Нет, не старое это кладбище. Ему столько же лет, сколько санаторию. Здесь похоронены умершие от туберкулеза. И родные, приехав, чтобы проститься, едва ли соберутся приехать в другой раз: и далеко, и накладно, и некогда. Мертвые подождут, мертвые долго могут ждать. Они уже не болеют, вместе с ними умерли бактерии Коха, источившие их. А жизнь течет, как этот белый песок, и надо жить, торопиться, успевать, надо заботиться о ближних, живых. Могилы все равно погибают, даже самые вечные.
И я это понимаю. Но почему мне жаль и могил, брошенных, и тех, кто к ним никогда не приедет?
Лейтенант Ваня стоит возле мраморной плиты, — единственной здесь и потому кажущейся сверхроскошной, — подзывает меня. На плите высечены крупные иероглифы, а внизу мелко по-русски: «Госпожа Сейси Харукава».
— Японка, — говорит Ваня. — Я знаю. Один старый «тубик» рассказывал. В прошлом году умерла. Из японского консульства, жена чья-то там. После торакопластики. Сердце не выдержало. Будто бы курила опиум и не созналась перед операцией. Сухломин не знал… Японцы хоронили. Этот, старикан, говорит — красивая бабенка была.
— И я здесь буду, если один процент перетянет…
— Ты что? Какой процент?
— Один из ста. Сухломин сказал.
— Брось ты!
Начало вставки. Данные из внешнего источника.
definition confusion :: "('x \<times> 'k) measure \<Rightarrow> ('x \<Rightarrow> 'k \<Rightarrow> 'a \<Rightarrow> real) \<Rightarrow>
    ('x \<Rightarrow> 'a \<Rightarrow> 'k \<Rightarrow> 'y \<Rightarrow> real) \<Rightarrow> ('k \<Rightarrow> 'x \<Rightarrow> 'y \<Rightarrow> real) \<Rightarrow> 'a \<Rightarrow> 'k \<Rightarrow> 'y mat" where
  "confusion \<nu> q \<eta> h a k i j =
     (let P = full_law \<nu> q \<eta> h;
          E = {z. snd (fst z) = k \<and> fst (snd z) = a}
      in measure P (E \<inter> {z. fst (snd (snd z)) = i \<and> snd (snd (snd z)) = j}) / measure P E)"

definition mat_inner :: "'y::finite mat \<Rightarrow> 'y mat \<Rightarrow> real" where
  "mat_inner A B = (\<Sum>i\<in>UNIV. \<Sum>j\<in>UNIV. A i j * B i j)"

definition ones_mat :: "'y mat" where "ones_mat = (\<lambda>i j. 1)"
definition id_mat :: "'y mat" where "id_mat = (\<lambda>i j. if i = j then 1 else 0)"

definition risk :: "('x \<times> 'k) measure \<Rightarrow> ('x \<Rightarrow> 'k::finite \<Rightarrow> 'a::finite \<Rightarrow> real) \<Rightarrow>
    ('x \<Rightarrow> 'a \<Rightarrow> 'k \<Rightarrow> 'y::finite \<Rightarrow> real) \<Rightarrow> ('k \<Rightarrow> 'x \<Rightarrow> 'y \<Rightarrow> real) \<Rightarrow> real" where
  "risk \<nu> q \<eta> h = (\<Sum>a\<in>UNIV. \<Sum>k\<in>UNIV. pAK \<nu> q a k *
      mat_inner (\<lambda>i j. ones_mat i j - id_mat i j) (confusion \<nu> q \<eta> h a k))"

definition global_disp :: "('x \<times> 'k) measure \<Rightarrow> ('x \<Rightarrow> 'k::finite \<Rightarrow> 'a::finite \<Rightarrow> real) \<Rightarrow>
    ('x \<Rightarrow> 'a \<Rightarrow> 'k \<Rightarrow> 'y::finite \<Rightarrow> real) \<Rightarrow> ('u \<Rightarrow> 'a \<Rightarrow> 'k \<Rightarrow> 'y mat) \<Rightarrow> 'u \<Rightarrow>
    ('k \<Rightarrow> 'x \<Rightarrow> 'y \<Rightarrow> real) \<Rightarrow> real" where
  "global_disp \<nu> q \<eta> Dg u h = (\<Sum>a\<in>UNIV. \<Sum>k\<in>UNIV. mat_inner (Dg u a k) (confusion \<nu> q \<eta> h a k))"

definition local_disp :: "('x \<times> 'k) measure \<Rightarrow> ('x \<Rightarrow> 'k \<Rightarrow> 'a::finite \<Rightarrow> real) \<Rightarrow>
    ('x \<Rightarrow> 'a \<Rightarrow> 'k \<Rightarrow> 'y::finite \<Rightarrow> real) \<Rightarrow> ('k \<Rightarrow> 'v \<Rightarrow> 'a \<Rightarrow> 'y mat) \<Rightarrow> 'k \<Rightarrow> 'v \<Rightarrow>
    ('k \<Rightarrow> 'x \<Rightarrow> 'y \<Rightarrow> real) \<Rightarrow> real" where
  "local_disp \<nu> q \<eta> Dl k u h = (\<Sum>a\<in>UNIV. mat_inner (Dl k u a) (confusion \<nu> q \<eta> h a k))"

definition lagrangian :: "('x \<times> 'k) measure \<Rightarrow> ('x \<Rightarrow> 'k::finite \<Rightarrow> 'a::finite \<Rightarrow> real) \<Rightarrow>
    ('x \<Rightarrow> 'a \<Rightarrow> 'k \<Rightarrow> 'y::finite \<Rightarrow> real) \<Rightarrow>
    'u set \<Rightarrow> ('k \<Rightarrow> 'v set) \<Rightarrow> ('u \<Rightarrow> 'a \<Rightarrow> 'k \<Rightarrow> 'y mat) \<Rightarrow> ('k \<Rightarrow> 'v \<Rightarrow> 'a \<Rightarrow> 'y mat) \<Rightarrow>
    real \<Rightarrow> ('k \<Rightarrow> real) \<Rightarrow>
    ('k \<Rightarrow> 'x \<Rightarrow> 'y \<Rightarrow> real) \<Rightarrow>
    ('u \<Rightarrow> real) \<Rightarrow> ('u \<Rightarrow> real) \<Rightarrow> ('k \<Rightarrow> 'v \<Rightarrow> real) \<Rightarrow> ('k \<Rightarrow> 'v \<Rightarrow> real) \<Rightarrow> real" where
  "lagrangian \<nu> q \<eta> Ug Ul Dg Dl \<xi>g \<xi>l h lam1 lam2 mu1 mu2 =
     risk \<nu> q \<eta> h
     + (\<Sum>u\<in>Ug. (lam1 u - lam2 u) * global_disp \<nu> q \<eta> Dg u h - (lam1 u + lam2 u) * \<xi>g)
     + (\<Sum>k\<in>UNIV. \<Sum>u\<in>Ul k. (mu1 k u - mu2 k u) * local_disp \<nu> q \<eta> Dl k u h
                             - (mu1 k u + mu2 k u) * \<xi>l k)"

definition M_mat :: "('x \<times> 'k) measure \<Rightarrow> ('x \<Rightarrow> 'k \<Rightarrow> 'a \<Rightarrow> real) \<Rightarrow>
    'u set \<Rightarrow> ('k \<Rightarrow> 'v set) \<Rightarrow> ('u \<Rightarrow> 'a \<Rightarrow> 'k \<Rightarrow> 'y mat) \<Rightarrow> ('k \<Rightarrow> 'v \<Rightarrow> 'a \<Rightarrow> 'y mat) \<Rightarrow>
    ('u \<Rightarrow> real) \<Rightarrow> ('u \<Rightarrow> real) \<Rightarrow> ('k \<Rightarrow> 'v \<Rightarrow> real) \<Rightarrow> ('k \<Rightarrow> 'v \<Rightarrow> real) \<Rightarrow>
    'a \<Rightarrow> 'k \<Rightarrow> 'y mat" where
  "M_mat \<nu> q Ug Ul Dg Dl lam1 lam2 mu1 mu2 a k = (\<lambda>i j.
     id_mat i j - (1 / pAK \<nu> q a k) *
       ((\<Sum>u\<in>Ug. (lam1 u - lam2 u) * Dg u a k i j) + (\<Sum>u\<in>Ul k. (mu1 k u - mu2 k u) * Dl k u a i j)))"

definition score :: "('x \<times> 'k) measure \<Rightarrow> ('x \<Rightarrow> 'k \<Rightarrow> 'a::finite \<Rightarrow> real) \<Rightarrow>
    ('x \<Rightarrow> 'a \<Rightarrow> 'k \<Rightarrow> 'y::finite \<Rightarrow> real) \<Rightarrow>
    'u set \<Rightarrow> ('k \<Rightarrow> 'v set) \<Rightarrow> ('u \<Rightarrow> 'a \<Rightarrow> 'k \<Rightarrow> 'y mat) \<Rightarrow> ('k \<Rightarrow> 'v \<Rightarrow> 'a \<Rightarrow> 'y mat) \<Rightarrow>
    ('u \<Rightarrow> real) \<Rightarrow> ('u \<Rightarrow> real) \<Rightarrow> ('k \<Rightarrow> 'v \<Rightarrow> real) \<Rightarrow> ('k \<Rightarrow> 'v \<Rightarrow> real) \<Rightarrow>
    'x \<Rightarrow> 'k \<Rightarrow> 'y \<Rightarrow> real" where
  "score \<nu> q \<eta> Ug Ul Dg Dl lam1 lam2 mu1 mu2 x k j =
     (\<Sum>a\<in>UNIV. q x k a * (\<Sum>i\<in>UNIV. M_mat \<nu> q Ug Ul Dg Dl lam1 lam2 mu1 mu2 a k i j * \<eta> x a k i))"

end

theory Submission
  imports Defs
begin

(* For fixed multipliers the Lagrangian is affine in the confusion matrices, and each entry
   C^{a,k}_{i,j}(h) is, up to the factor 1/p_{a,k}, the integral over the law of (X,K) of
   [K = k] q(X,k,a) eta_i(X,a,k) h_j(X).  Collecting the coefficients, which are exactly
   p_{a,k} (1 - M^{lambda,mu}(a,k)_{i,j}), gives
     L(h) = 1 - E[ sum_j h_{K,j}(X) s_j(X,K) ] - (penalty constants)
   with s the score vector of the statement.  Hence L is minimised by putting, at every (x,k),
   all prediction mass on a coordinate maximising s(x,k); breaking ties by the least index
   makes this choice measurable. *)

lemma prob_vec_nonneg: "prob_vec v \<Longrightarrow> 0 \<le> v i"
  unfolding prob_vec_def by blast

lemma prob_vec_le_one: "prob_vec v \<Longrightarrow> v i \<le> 1"
  unfolding prob_vec_def by (metis finite UNIV_I member_le_sum)

lemma prob_vec_basis_vec: "prob_vec (basis_vec y)"
  unfolding prob_vec_def basis_vec_def by simp

lemma sum_basis_vec_mult: "(\<Sum>j\<in>UNIV. basis_vec y j * s j) = s (y :: 'y::finite)"
  unfolding basis_vec_def by (simp add: if_distrib[of "\<lambda>t. t * _"] cong: if_cong)

lemma prob_vec_mean_le_max:
  assumes "prob_vec w" and "\<And>j. s j \<le> s y"
  shows "(\<Sum>j\<in>UNIV. w j * s j) \<le> s y"
proof -
  have "(\<Sum>j\<in>UNIV. w j * s j) \<le> (\<Sum>j\<in>UNIV. w j * s y)"
    using assms by (intro sum_mono mult_left_mono) (auto intro: prob_vec_nonneg)
  also have "\<dots> = s y"
    using \<open>prob_vec w\<close> by (simp add: sum_distrib_right[symmetric] prob_vec_def)
  finally show ?thesis .
qed

(* Ties are broken by the least to_nat index, so the maximiser is unique and
   measurable_THE applies. *)
definition is_least_argmax :: "('y::finite \<Rightarrow> real) \<Rightarrow> 'y \<Rightarrow> bool" where
  "is_least_argmax s y \<longleftrightarrow>
     (\<forall>j. s j \<le> s y) \<and> (\<forall>y'. (\<forall>j. s j \<le> s y') \<longrightarrow> to_nat y \<le> to_nat y')"

definition least_argmax :: "('y::finite \<Rightarrow> real) \<Rightarrow> 'y" where
  "least_argmax s = (THE y. is_least_argmax s y)"

lemma ex1_is_least_argmax: "\<exists>!y. is_least_argmax s y"
proof -
  obtain y0 where "\<forall>j. s j \<le> s y0"
    using ex_is_arg_min_if_finite[of UNIV "\<lambda>y. - s y"] by (auto simp: is_arg_min_def not_less)
  then obtain y where "is_least_argmax s y"
    using ex_has_least_nat[of "\<lambda>y. \<forall>j. s j \<le> s y" y0 to_nat] unfolding is_least_argmax_def by blast
  moreover have "y' = y" if "is_least_argmax s y'" for y'
    using that \<open>is_least_argmax s y\<close> unfolding is_least_argmax_def by (metis le_antisym to_nat_split)
  ultimately show ?thesis by blast
qed

lemma least_argmax_ge: "s j \<le> s (least_argmax s)"
  using theI'[OF ex1_is_least_argmax[of s]] unfolding least_argmax_def is_least_argmax_def by blast

lemma measurable_least_argmax:
  fixes s :: "'x \<Rightarrow> 'y::finite \<Rightarrow> real"
  assumes [measurable]: "\<And>j. (\<lambda>x. s x j) \<in> borel_measurable M"
  shows "(\<lambda>x. least_argmax (s x)) \<in> measurable M (count_space UNIV)"
  unfolding least_argmax_def
proof (rule measurable_THE)
  show "Measurable.pred M (\<lambda>x. is_least_argmax (s x) y)" for y
    unfolding is_least_argmax_def by measurable
  show "x = y" if "is_least_argmax (s z) x" "is_least_argmax (s z) y" for x y z
    using that ex1_is_least_argmax by blast
qed auto

lemma sum_UNIV_prod: "(\<Sum>b\<in>UNIV. f b) = (\<Sum>y\<in>UNIV. \<Sum>x\<in>UNIV. f (x :: 'p::finite, y :: 'r::finite))"
  by (subst sum.swap) (simp add: sum.cartesian_product)

lemma measure_density_pair_count_space:
  fixes g :: "'z \<Rightarrow> 'b::finite \<Rightarrow> real"
  assumes "finite_measure N" and space_N: "space N = UNIV"
    and [measurable]: "\<And>b. (\<lambda>z. g z b) \<in> borel_measurable N"
    and g_nonneg: "\<And>z b. 0 \<le> g z b" and g_le: "\<And>z b. g z b \<le> B"
    and [measurable]: "\<And>b. Measurable.pred N (\<lambda>z. R z b)"
  shows "measure (density (N \<Otimes>\<^sub>M count_space UNIV) (\<lambda>w. ennreal (g (fst w) (snd w))))
      {w. R (fst w) (snd w)} = (\<integral>z. (\<Sum>b\<in>UNIV. if R z b then g z b else 0) \<partial>N)"
proof -
  interpret finite_measure N by fact
  interpret C: sigma_finite_measure "count_space (UNIV :: 'b set)"
    by (rule sigma_finite_measure_count_space_finite) simp
  define G where "G z = (\<Sum>b\<in>UNIV. if R z b then g z b else 0)" for z
  have G_nonneg: "0 \<le> G z" for z
    unfolding G_def using g_nonneg by (simp add: sum_nonneg)
  have "G z \<le> (\<Sum>b\<in>(UNIV :: 'b set). B)" for z
    unfolding G_def using g_nonneg g_le by (intro sum_mono) (auto intro: order_trans[OF g_nonneg g_le])
  moreover have "G \<in> borel_measurable N"
    unfolding G_def by measurable
  ultimately have "integrable N G"
    using G_nonneg by (intro integrable_const_bound[where B="CARD('b) * B"]) auto
  have [measurable]: "(\<lambda>w. g (fst w) (snd w)) \<in> borel_measurable (N \<Otimes>\<^sub>M count_space UNIV)"
    by measurable
  have [measurable]: "{w. R (fst w) (snd w)} \<in> sets (N \<Otimes>\<^sub>M count_space UNIV)"
  proof -
    have "Measurable.pred (N \<Otimes>\<^sub>M count_space UNIV) (\<lambda>w. R (fst w) (snd w))"
      by measurable
    then show ?thesis
      using space_N by (simp add: pred_def space_pair_measure)
  qed
  have "emeasure (density (N \<Otimes>\<^sub>M count_space UNIV) (\<lambda>w. ennreal (g (fst w) (snd w))))
      {w. R (fst w) (snd w)}
    = (\<integral>\<^sup>+ w. ennreal (g (fst w) (snd w)) * indicator {w. R (fst w) (snd w)} w \<partial>(N \<Otimes>\<^sub>M count_space UNIV))"
    by (rule emeasure_density) measurable
  also have "\<dots> = (\<integral>\<^sup>+ z. \<integral>\<^sup>+ b. ennreal (g z b) * indicator {w. R (fst w) (snd w)} (z, b)
      \<partial>count_space UNIV \<partial>N)"
    using C.nn_integral_fst[of "\<lambda>w. ennreal (g (fst w) (snd w)) * indicator {w. R (fst w) (snd w)} w"]
    by simp
  also have "\<dots> = (\<integral>\<^sup>+ z. ennreal (G z) \<partial>N)"
    unfolding G_def using g_nonneg
    by (simp add: nn_integral_count_space_finite indicator_def of_bool_def if_distrib
        sum_ennreal[symmetric] cong: if_cong)
  also have "\<dots> = ennreal (integral\<^sup>L N G)"
    using \<open>integrable N G\<close> G_nonneg by (intro nn_integral_eq_integral) auto
  finally show ?thesis
    unfolding measure_def G_def[symmetric] using integral_nonneg_AE[of G N] G_nonneg by simp
qed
Я гляжу на тебя и думаю: выживешь! Все дни думаю. У тебя же морда, смотри, какая! У тебя широкая морда. Бледная малость, это правда. Потом крови добавят тебе — и нормально будет. Главное — не трусь. Ну, мне повезло: воздух пошел, пузырь хороший. Другим не везет, тебе тоже. Кто виноват, как думаешь?
— Не знаю, Ваня.
— Эх, ты! Война виновата. Ты хуже питался.
— Может быть…
— Точно!
Мы пошли к санаторию и почти всю дорогу молчали: мне было стыдно, что позволил себе так, по-бабьи, расчувствоваться (у меня все мутилось в глазах), а Ваня понял, наверное, что неприлично радоваться за себя перед больным товарищем.
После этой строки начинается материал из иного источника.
(* Let $K$ be a positive integer, let $J$ be a positive integer or $\infty$, write $[J]=\{1,\dots,J\}$ (with $[J]=\mathbb{Z}_+$ if $J=\infty$), and let $Q=[Q_1,\dots,Q_K]$ with $Q_l:[J]\to\{0,1\}$. Let $k\in\{1,\dots,K\}$ and suppose $k$ does not mask any $k'\neq k$. Then $$\{k\}=\bigcap_{\substack{S\subset\{1,\dots,K\}\\ k\in S,\ \mathcal{R}(S)\neq\emptyset}} S.$$
   Context: $\operatorname{supp}(Q_l)=\{j: Q_l(j)=1\}$. For $S\subset\{1,\dots,K\}$, $\mathcal{R}(S)\subset[J]$ is the set of indices $j$ such that $Q_l(j)=1$ for all $l\in S$ and $Q_l(j)=0$ for all $l\notin S$. We say $k$ masks $k'$ if $\operatorname{supp}(Q_{k})\subset\operatorname{supp}(Q_{k'})$. *)

theory Defs
  imports Main "HOL-Library.Extended_Nat"
begin

definition idx :: "enat \<Rightarrow> nat set" where
  "idx J = {j. 1 \<le> j \<and> enat j \<le> J}"

definition supp :: "enat \<Rightarrow> (nat \<Rightarrow> nat \<Rightarrow> nat) \<Rightarrow> nat \<Rightarrow> nat set" where
  "supp J Q l = {j \<in> idx J. Q l j = 1}"

definition R :: "nat \<Rightarrow> enat \<Rightarrow> (nat \<Rightarrow> nat \<Rightarrow> nat) \<Rightarrow> nat set \<Rightarrow> nat set" where
  "R K J Q S = {j \<in> idx J. (\<forall>l\<in>S. Q l j = 1) \<and> (\<forall>l\<in>{1..K} - S. Q l j = 0)}"

definition masks :: "enat \<Rightarrow> (nat \<Rightarrow> nat \<Rightarrow> nat) \<Rightarrow> nat \<Rightarrow> nat \<Rightarrow> bool" where
  "masks J Q k k' \<longleftrightarrow> supp J Q k \<subseteq> supp J Q k'"

end

theory Submission
  imports Defs
begin

text \<open>If k does not mask l, some item j has Q_k(j) = 1 but Q_l(j) \<noteq> 1. The set S of all
  attributes required by j then contains k, satisfies j \<in> R(S), and misses l; so l drops
  out of the intersection.\<close>

definition profile :: "nat \<Rightarrow> (nat \<Rightarrow> nat \<Rightarrow> nat) \<Rightarrow> nat \<Rightarrow> nat set" where
  "profile K Q j = {m \<in> {1..K}. Q m j = 1}"

lemma profile_subset: "profile K Q j \<subseteq> {1..K}"
  by (auto simp: profile_def)

lemma mem_R_profile:
  assumes "\<forall>l\<in>{1..K}. Q l j \<in> {0, 1}" and "j \<in> idx J"
  shows "j \<in> R K J Q (profile K Q j)"
  using assms unfolding R_def profile_def by fastforce

lemma not_masks_obtains_item:
  assumes "\<not> masks J Q k l" and "k \<in> {1..K}"
  obtains j where "j \<in> idx J" "k \<in> profile K Q j" "l \<notin> profile K Q j"
  using assms by (auto simp: masks_def supp_def profile_def)

theorem lemma3:
  fixes K :: nat and J :: enat and Q :: "nat \<Rightarrow> nat \<Rightarrow> nat" and k :: nat
  assumes "K \<ge> 1" and "J \<ge> 1"
    and "\<forall>l\<in>{1..K}. \<forall>j\<in>idx J. Q l j \<in> {0, 1}"
    and "k \<in> {1..K}"
    and "\<forall>k'\<in>{1..K}. k' \<noteq> k \<longrightarrow> \<not> masks J Q k k'"
  shows "{k} = {l \<in> {1..K}. \<forall>S. S \<subseteq> {1..K} \<and> k \<in> S \<and> R K J Q S \<noteq> {} \<longrightarrow> l \<in> S}"
proof (intro equalityI subsetI)
  fix l assume "l \<in> {l \<in> {1..K}. \<forall>S. S \<subseteq> {1..K} \<and> k \<in> S \<and> R K J Q S \<noteq> {} \<longrightarrow> l \<in> S}"
  then have l: "l \<in> {1..K}"
    and l_in: "\<And>S. S \<subseteq> {1..K} \<Longrightarrow> k \<in> S \<Longrightarrow> R K J Q S \<noteq> {} \<Longrightarrow> l \<in> S"
    by simp_all
  show "l \<in> {k}"
  proof (rule ccontr)
    assume "l \<notin> {k}"
    with assms(5) l have "\<not> masks J Q k l" by simp
    then obtain j where j: "j \<in> idx J" "k \<in> profile K Q j" "l \<notin> profile K Q j"
      using assms(4) by (rule not_masks_obtains_item)
    have "j \<in> R K J Q (profile K Q j)"
      using assms(3) j(1) by (intro mem_R_profile) simp
    then have "l \<in> profile K Q j"
      using l_in[OF profile_subset j(2)] by blast
    with j(3) show False ..
  qed
qed (use assms(4) in simp)

end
По кромке леса, на фоне белой стены главного корпуса, прогуливался толстый человек в парусиновом, широченном костюме. Это — врач-диетолог Голявкин. Самый суетливый и говорливый доктор, с красным, будто пропойным лицом, одышкой и дергающейся правой бровью. Он изобрел местный кумыс, научившись изготовлять его из коровьего молока, — чуть ли не первым в стране, — всячески «пропагандировал» свой напиток и, говорят, уже не один год просит директора приобрести двадцать четыре кобылы для настоящего кумыса.